(* Let $a=t_0<t_1<\cdots<t_m=b$ be a partition of $[a,b]$ and let $x_0,x_1,\ldots,x_m\in\mathbb{R}^n$ be fixed. Let $A(t)$ and $B(t)$ be real $n\times n$ matrix functions on $[a,b]$ such that (H1) $B(t)$ has full rank (is nonsingular) for every $t$; (H2) the control system $\dot x(t)=A(t)x(t)+B(t)u(t)$ is completely state controllable; (H3) $t\mapsto A(t)$ and $t\mapsto B(t)$ are $C^1$-smooth. Consider the optimal control problem $(P)$: \[\min_{u(\cdot)}\ J[u(\cdot)]=\int_a^b\langle B(t)u(t),B(t)u(t)\rangle\,dt\] subject to $\dot x(t)=A(t)x(t)+B(t)u(t)$ and $x(t_i)=x_i$ for $i=0,1,\ldots,m$, where the control $u:[a,b]\to\mathbb{R}^n$ is unrestricted and the state $x:[a,b]\to\mathbb{R}^n$ is absolutely continuous. Then the optimal control $u$ is, in each interval $[t_i,t_{i+1}]$, $i=0,1,\ldots,m-1$, a solution of the matrix differential equation $L^*\big(B(t)u\big)=0$, where $L=D-A(t)$ (with $D=d/dt$) and $L^*=-D-A(t)'$ is its adjoint; that is, $\frac{d}{dt}\big(B(t)u(t)\big)+A(t)'B(t)u(t)=0$. The corresponding optimal state trajectory $x$ satisfies $L^*Lx=0$ in each interval $[t_i,t_{i+1}]$, i.e. \[\ddot x(t)+\big(A(t)'-A(t)\big)\dot x(t)-\big(A(t)'A(t)+\dot A(t)\big)x(t)=0 .\]
   Context: $\langle\cdot,\cdot\rangle$ is the Euclidean inner product on $\mathbb{R}^n$ and a prime ${}'$ denotes the transpose of a vector or matrix. The adjoint $L^*$ of $L=D-A(t)$ is taken with respect to the scalar product $\langle x_1,x_2\rangle=\int_a^b x_1(t)'x_2(t)\,dt$ on vector functions. *)

theory Defs
  imports "HOL-Analysis.Analysis"
begin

* [What the task requires] Exactly as they stand above, write out the entries.

* [The answer]
(* Let $a=t_0<t_1<\cdots<t_m=b$ be a partition of $[a,b]$ and let $x_0,x_1,\ldots,x_m\in\mathbb{R}^n$ be fixed. Let $A(t)$ and $B(t)$ be real $n\times n$ matrix functions on $[a,b]$ such that (H1) $B(t)$ has full rank (is nonsingular) for every $t$; (H2) the control system $\dot x(t)=A(t)x(t)+B(t)u(t)$ is completely state controllable; (H3) $t\mapsto A(t)$ and $t\mapsto B(t)$ are $C^1$-smooth. Consider the optimal control problem $(P)$: \[\min_{u(\cdot)}\ J[u(\cdot)]=\int_a^b\langle B(t)u(t),B(t)u(t)\rangle\,dt\] subject to $\dot x(t)=A(t)x(t)+B(t)u(t)$ and $x(t_i)=x_i$ for $i=0,1,\ldots,m$, where the control $u:[a,b]\to\mathbb{R}^n$ is unrestricted and the state $x:[a,b]\to\mathbb{R}^n$ is absolutely continuous. Then the optimal control $u$ is, in each interval $[t_i,t_{i+1}]$, $i=0,1,\ldots,m-1$, a solution of the matrix differential equation $L^*\big(B(t)u\big)=0$, where $L=D-A(t)$ (with $D=d/dt$) and $L^*=-D-A(t)'$ is its adjoint; that is, $\frac{d}{dt}\big(B(t)u(t)\big)+A(t)'B(t)u(t)=0$. The corresponding optimal state trajectory $x$ satisfies $L^*Lx=0$ in each interval $[t_i,t_{i+1}]$, i.e. \[\ddot x(t)+\big(A(t)'-A(t)\big)\dot x(t)-\big(A(t)'A(t)+\dot A(t)\big)x(t)=0 .\]
   Context: $\langle\cdot,\cdot\rangle$ is the Euclidean inner product on $\mathbb{R}^n$ and a prime ${}'$ denotes the transpose of a vector or matrix. The adjoint $L^*$ of $L=D-A(t)$ is taken with respect to the scalar product $\langle x_1,x_2\rangle=\int_a^b x_1(t)'x_2(t)\,dt$ on vector functions. *)

theory Defs
  imports "HOL-Analysis.Analysis"
begin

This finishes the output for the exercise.